The assembly code is the following:

     | .pos 0
0x00 |   irmovl Stack, %esp
0x06 |   rrmovl %esp, %ebp
0x08 |   irmovl $5, %eax
0x0E |   call func
0x13 |   halt
0x14 | func:
0x14 |   pushl %ebp
0x16 |   rrmovl %esp, %ebp
0x18 |   pushl %eax
0x1A |   popl %eax
0x1C |   popl %ebp
0x1E |   ret
     | .pos 50
0x32 | Stack: .long 0

The following is my best to draw a stack and explain what each step (instruction) does with the stack. Please note that I used SP and BP to refer to %esp and %ebp respectively cause they are used a lot and makes it easier to read.

What I want to know is if I got everything above right or if I missed anything. Please feel free to copy/paste whatever you want and fix some step(s) in your answer.

Also note that my understanding of this is very important, I have an exam Monday for which I need to be prepared and I would like the best answer you can give me.
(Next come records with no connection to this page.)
(* Let $D=(D_1,D_2)\in\mathcal{U}(n,s_1^ps_2^q)$, where $D_1\in\mathcal{U}(n,s_1^p)$ consists of $p$ qualitative factors with $s_1$ levels and $D_2\in\mathcal{U}(n,s_2^q)$ consists of $q$ quantitative factors with $s_2$ levels. If $s_2$ is odd, then $\mathrm{QQD}^2(D)\ge LB_{odd}$, where \begin{align*}LB_{odd}=&-\left(\frac{5s_1+1}{4s_1}\right)^p\left(\frac43\right)^q+\frac1n\left(\frac32\right)^{p+q}+\frac{n-1}{n}\left(\frac54\right)^p\left(\frac65\right)^{\frac{p(n-s_1)}{s_1(n-1)}}\left(\frac32\right)^{\frac{q(n-s_2)}{s_2(n-1)}}\prod_{i=1}^{(s_2-1)/2}\left(\frac32-\frac{2i(2s_2-2i)}{4s_2^2}\right)^{\frac{2nq}{s_2(n-1)}};\end{align*} if $s_2$ is even, then $\mathrm{QQD}^2(D)\ge LB_{even}$, where \begin{align*}LB_{even}=&-\left(\frac{5s_1+1}{4s_1}\right)^p\left(\frac43\right)^q+\frac1n\left(\frac32\right)^{p+q}+\frac{n-1}{n}\left(\frac54\right)^p\left(\frac65\right)^{\frac{p(n-s_1)}{s_1(n-1)}}\left(\frac32\right)^{\frac{q(n-s_2)}{s_2(n-1)}}\left(\frac54\right)^{\frac{nq}{s_2(n-1)}}\prod_{i=1}^{(s_2/2)-1}\left(\frac32-\frac{2i(2s_2-2i)}{4s_2^2}\right)^{\frac{2nq}{s_2(n-1)}}.\end{align*}
   Context: A U-type design in $\mathcal{U}(n,s_1^{p}s_2^{q})$ is an $n\times(p+q)$ matrix whose first $p$ columns each take every value in $\{0,\dots,s_1-1\}$ equally often and whose last $q$ columns each take every value in $\{0,\dots,s_2-1\}$ equally often; the first $p$ columns are qualitative, the last $q$ quantitative. For quantitative columns a level $x$ is transformed to $(2x+1)/(2s_2)\in[0,1]$. Let $\chi=\prod_k\chi_k$, $\chi_k=\{0,\dots,s_1-1\}$ for $k\le p$, $\chi_k=[0,1]$ for $k>p$, and $F$ the uniform distribution on $\chi$. Kernel: $\mathcal{K}(t,z)=\prod_k\mathcal{K}_k(t_k,z_k)$ with $\mathcal{K}_k=(3/2)^{\delta_{t_kz_k}}(5/4)^{1-\delta_{t_kz_k}}$ for $k\le p$ ($\delta$ the Kronecker delta) and $\mathcal{K}_k=\frac32-|t_k-z_k|+|t_k-z_k|^2$ for $k>p$. For $D$ with (transformed) rows $x_1,\dots,x_n$, the squared qualitative-quantitative discrepancy is $\mathrm{QQD}^2(D)=\int_{\chi^2}\mathcal{K}\,dF\,dF-\frac2n\sum_i\int_\chi\mathcal{K}(t,x_i)dF(t)+\frac1{n^2}\sum_{i,j}\mathcal{K}(x_i,x_j)$. Empty products are $1$. *)

theory Defs
  imports "HOL-Probability.Probability"
begin

text \<open>A design is a function D :: nat => nat => nat, D i k = level of run i (i < n)
  in factor k (k < p + q). Columns k < p are qualitative with s1 levels,
  columns p <= k < p + q are quantitative with s2 levels.\<close>

definition utype :: "nat \<Rightarrow> nat \<Rightarrow> nat \<Rightarrow> nat \<Rightarrow> nat \<Rightarrow> (nat \<Rightarrow> nat \<Rightarrow> nat) \<Rightarrow> bool" where
  "utype n s1 s2 p q D \<longleftrightarrow>
     (\<forall>i<n. \<forall>k<p. D i k < s1) \<and>
     (\<forall>i<n. \<forall>k\<in>{p..<p+q}. D i k < s2) \<and>
     (\<forall>k<p. \<forall>v<s1. \<forall>w<s1. card {i. i < n \<and> D i k = v} = card {i. i < n \<and> D i k = w}) \<and>
     (\<forall>k\<in>{p..<p+q}. \<forall>v<s2. \<forall>w<s2. card {i. i < n \<and> D i k = v} = card {i. i < n \<and> D i k = w})"

definition coord_measure :: "nat \<Rightarrow> nat \<Rightarrow> nat \<Rightarrow> real measure" where
  "coord_measure s1 p k =
     (if k < p then uniform_count_measure (real ` {..<s1})
      else uniform_measure lborel {0..1})"

definition F_measure :: "nat \<Rightarrow> nat \<Rightarrow> nat \<Rightarrow> (nat \<Rightarrow> real) measure" where
  "F_measure s1 p q = PiM {..<p+q} (coord_measure s1 p)"

definition kernel_k :: "nat \<Rightarrow> nat \<Rightarrow> real \<Rightarrow> real \<Rightarrow> real" where
  "kernel_k p k t z =
     (if k < p then (if t = z then 3/2 else 5/4)
      else 3/2 - \<bar>t - z\<bar> + \<bar>t - z\<bar>^2)"

definition kernel :: "nat \<Rightarrow> nat \<Rightarrow> (nat \<Rightarrow> real) \<Rightarrow> (nat \<Rightarrow> real) \<Rightarrow> real" where
  "kernel p q t z = (\<Prod>k<p+q. kernel_k p k (t k) (z k))"
lemma overlapping_chain_eq:
  fixes F F' :: "'a::linorder list list"
  assumes len: "length F = length F'"
    and perm: "\<And>g. g \<in> set F \<union> set F' \<Longrightarrow> distinct g \<and> set g = A"
    and chain: "\<And>m. Suc m < length F \<Longrightarrow> rank_pattern (take r (F ! Suc m)) = rank_pattern (drop s (F ! m))"
    and chain': "\<And>m. Suc m < length F \<Longrightarrow> rank_pattern (take r (F' ! Suc m)) = rank_pattern (drop s (F' ! m))"
    and head: "rank_pattern (take r (hd F)) = rank_pattern (take r (hd F'))"
    and tails: "map (drop r) F = map (drop r) F'"
  shows "F = F'"
proof (rule nth_equalityI)
  show "length F = length F'" by fact
  have entry_eq: "F ! m = F' ! m"
    if "m < length F" "rank_pattern (take r (F ! m)) = rank_pattern (take r (F' ! m))" for m
  proof (rule eq_if_rank_pattern_take_eq_drop_eq)
    show "distinct (F ! m)" "distinct (F' ! m)" "set (F ! m) = set (F' ! m)"
      using perm[of "F ! m"] perm[of "F' ! m"] that(1) len by auto
    show "drop r (F ! m) = drop r (F' ! m)"
      using arg_cong[OF tails, of "\<lambda>L. L ! m"] that(1) len by simp
  qed fact
  show "F ! m = F' ! m" if "m < length F" for m
    using that
  proof (induction m)
    case 0
    then have "F \<noteq> []" "F' \<noteq> []" using len by auto
    then show ?case using head entry_eq[of 0] by (simp add: hd_conv_nth)
  next
    case (Suc m)
    then show ?case using chain[of m] chain'[of m] entry_eq[of "Suc m"] by simp
  qed
qed

lemma rank_perm_eq_rank_pattern: "rank_perm w t = rank_pattern (map w [0..<t])"
  unfolding rank_perm_def rank_pattern_def by (auto intro!: map_cong arg_cong[where f = card])

lemma add_left_mod_imp_eq:
  fixes p i j n :: nat
  assumes "(p + i) mod n = (p + j) mod n" "i < n" "j < n"
  shows "i = j"
proof -
  have "i = j" if "(p + i) mod n = (p + j) mod n" "i < n" "j < n" "i \<le> j" for i j
  proof -
    have "n dvd j - i" using that mod_eq_dvd_iff_nat[of "p + i" "p + j" n] by simp
    then show ?thesis using that nat_dvd_not_less[of "j - i" n] by linarith
  qed
  then show ?thesis using assms by (metis nat_le_linear)
qed

lemma distinct_map_window:
  assumes "inj_on c {..<n}" "t \<le> n"
  shows "distinct (map (window c n p) [0..<t])"
proof -
  have "inj_on (window c n p) {0..<t}"
  proof (rule inj_onI)
    fix i j assume ij: "i \<in> {0..<t}" "j \<in> {0..<t}" "window c n p i = window c n p j"
    then have "(p + i) mod n = (p + j) mod n"
      using assms inj_onD[OF assms(1)] by (simp add: window_def)
    then show "i = j" by (rule add_left_mod_imp_eq) (use ij assms(2) in auto)
  qed
  then show ?thesis by (simp add: distinct_map)
qed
Depending on your answers, I might (or not) have some related questions that we shall take care in the comments section.

- INSTRUCTION: irmovl Stack, %esp
- INSTRUCTION: rrmovl %esp, %ebp
  1) Point %esp (SP) and %ebp (BP) to Stack

     |  ...  |
0x2E |-------|
     |       |
0x32 |-------| <--- SP & BP

- INSTRUCTION: irmovl $5, %eax
  1) Sets %eax = 5

- INSTRUCTION: call func
  1) Decrements SP by 4 (0x32 -> 0x2E)
  2) Saves return address (0x13) in memory location pointed by SP (0x2E)
  3) Jumps to "func" memory address (0x14)

     |  ...  |
0x2A |-------|
     | 0x13  |
0x2E |-------| <--- SP
     |       |
0x32 |-------| <--- BP

- INSTRUCTION: pushl %ebp
  1) Decrements SP by 4 (0x2E -> 0x2A)
  2) Saves BP value (0x32) in memory location pointed by SP (0x2A)

     |  ...  |
0x26 |-------|
     | 0x32  |
0x2A |-------| <--- SP
     | 0x13  |
0x2E |-------|
     |       |
0x32 |-------| <--- BP

- INSTRUCTION: rrmovl %esp, %ebp
  1) Sets BP = SP (0x32 -> 0x2A)

     |  ...  |
0x26 |-------|
     | 0x32  |
0x2A |-------| <--- SP & BP
     | 0x13  |
0x2E |-------|
     |       |
0x32 |-------|

- INSTRUCTION: pushl %eax
  1) Decrements SP by 4 (0x2A -> 0x26)
  2) Saves %eax value (5) in memory location pointed by SP (0x26)

     |  ...  |
0x22 |-------|
     |   5   |
0x26 |-------| <--- SP
     | 0x32  |
0x2A |-------| <--- BP
     | 0x13  |
0x2E |-------|
     |       |
0x32 |-------|

- INSTRUCTION: popl %eax
  1) Saves value (5) in memory location pointed by SP (0x26) in %eax
  2) Increments SP by 4 (0x26 -> 0x2A)

     |  ...  |
0x22 |-------|
     |   5   |
0x26 |-------|
     | 0x32  |
0x2A |-------| <--- SP & BP
     | 0x13  |
0x2E |-------|
     |       |
0x32 |-------|

- INSTRUCTION: popl %ebp
  1) Saves value (0x32) in memory location pointed by SP (0x2A) in %ebp
  2) Increments SP by 4 (0x2A -> 0x2E)

     |  ...  |
0x22 |-------|
     |   5   |
0x26 |-------|
     | 0x32  |
0x2A |-------|
     | 0x13  |
0x2E |-------| <--- SP
     |       |
0x32 |-------| <--- BP

- INSTRUCTION: ret
  1) Jumps to memory address (0x13) in memory location pointed by SP (0x2E)
  2) Increments SP by 4 (0x2E -> 0x32)

2条回答
唯我独甜
2楼-- · 2019-07-24 22:32

You got it right.

What you are doing is exercising a function call using standard caller-callee conventions, creating a frame for the callee. You then perform a simple push and pop of a register before returning to the caller. This is totally correct and your understanding is correct (see http://y86tutoring.wordpress.com/2012/10/31/functioning-stacks/ for details)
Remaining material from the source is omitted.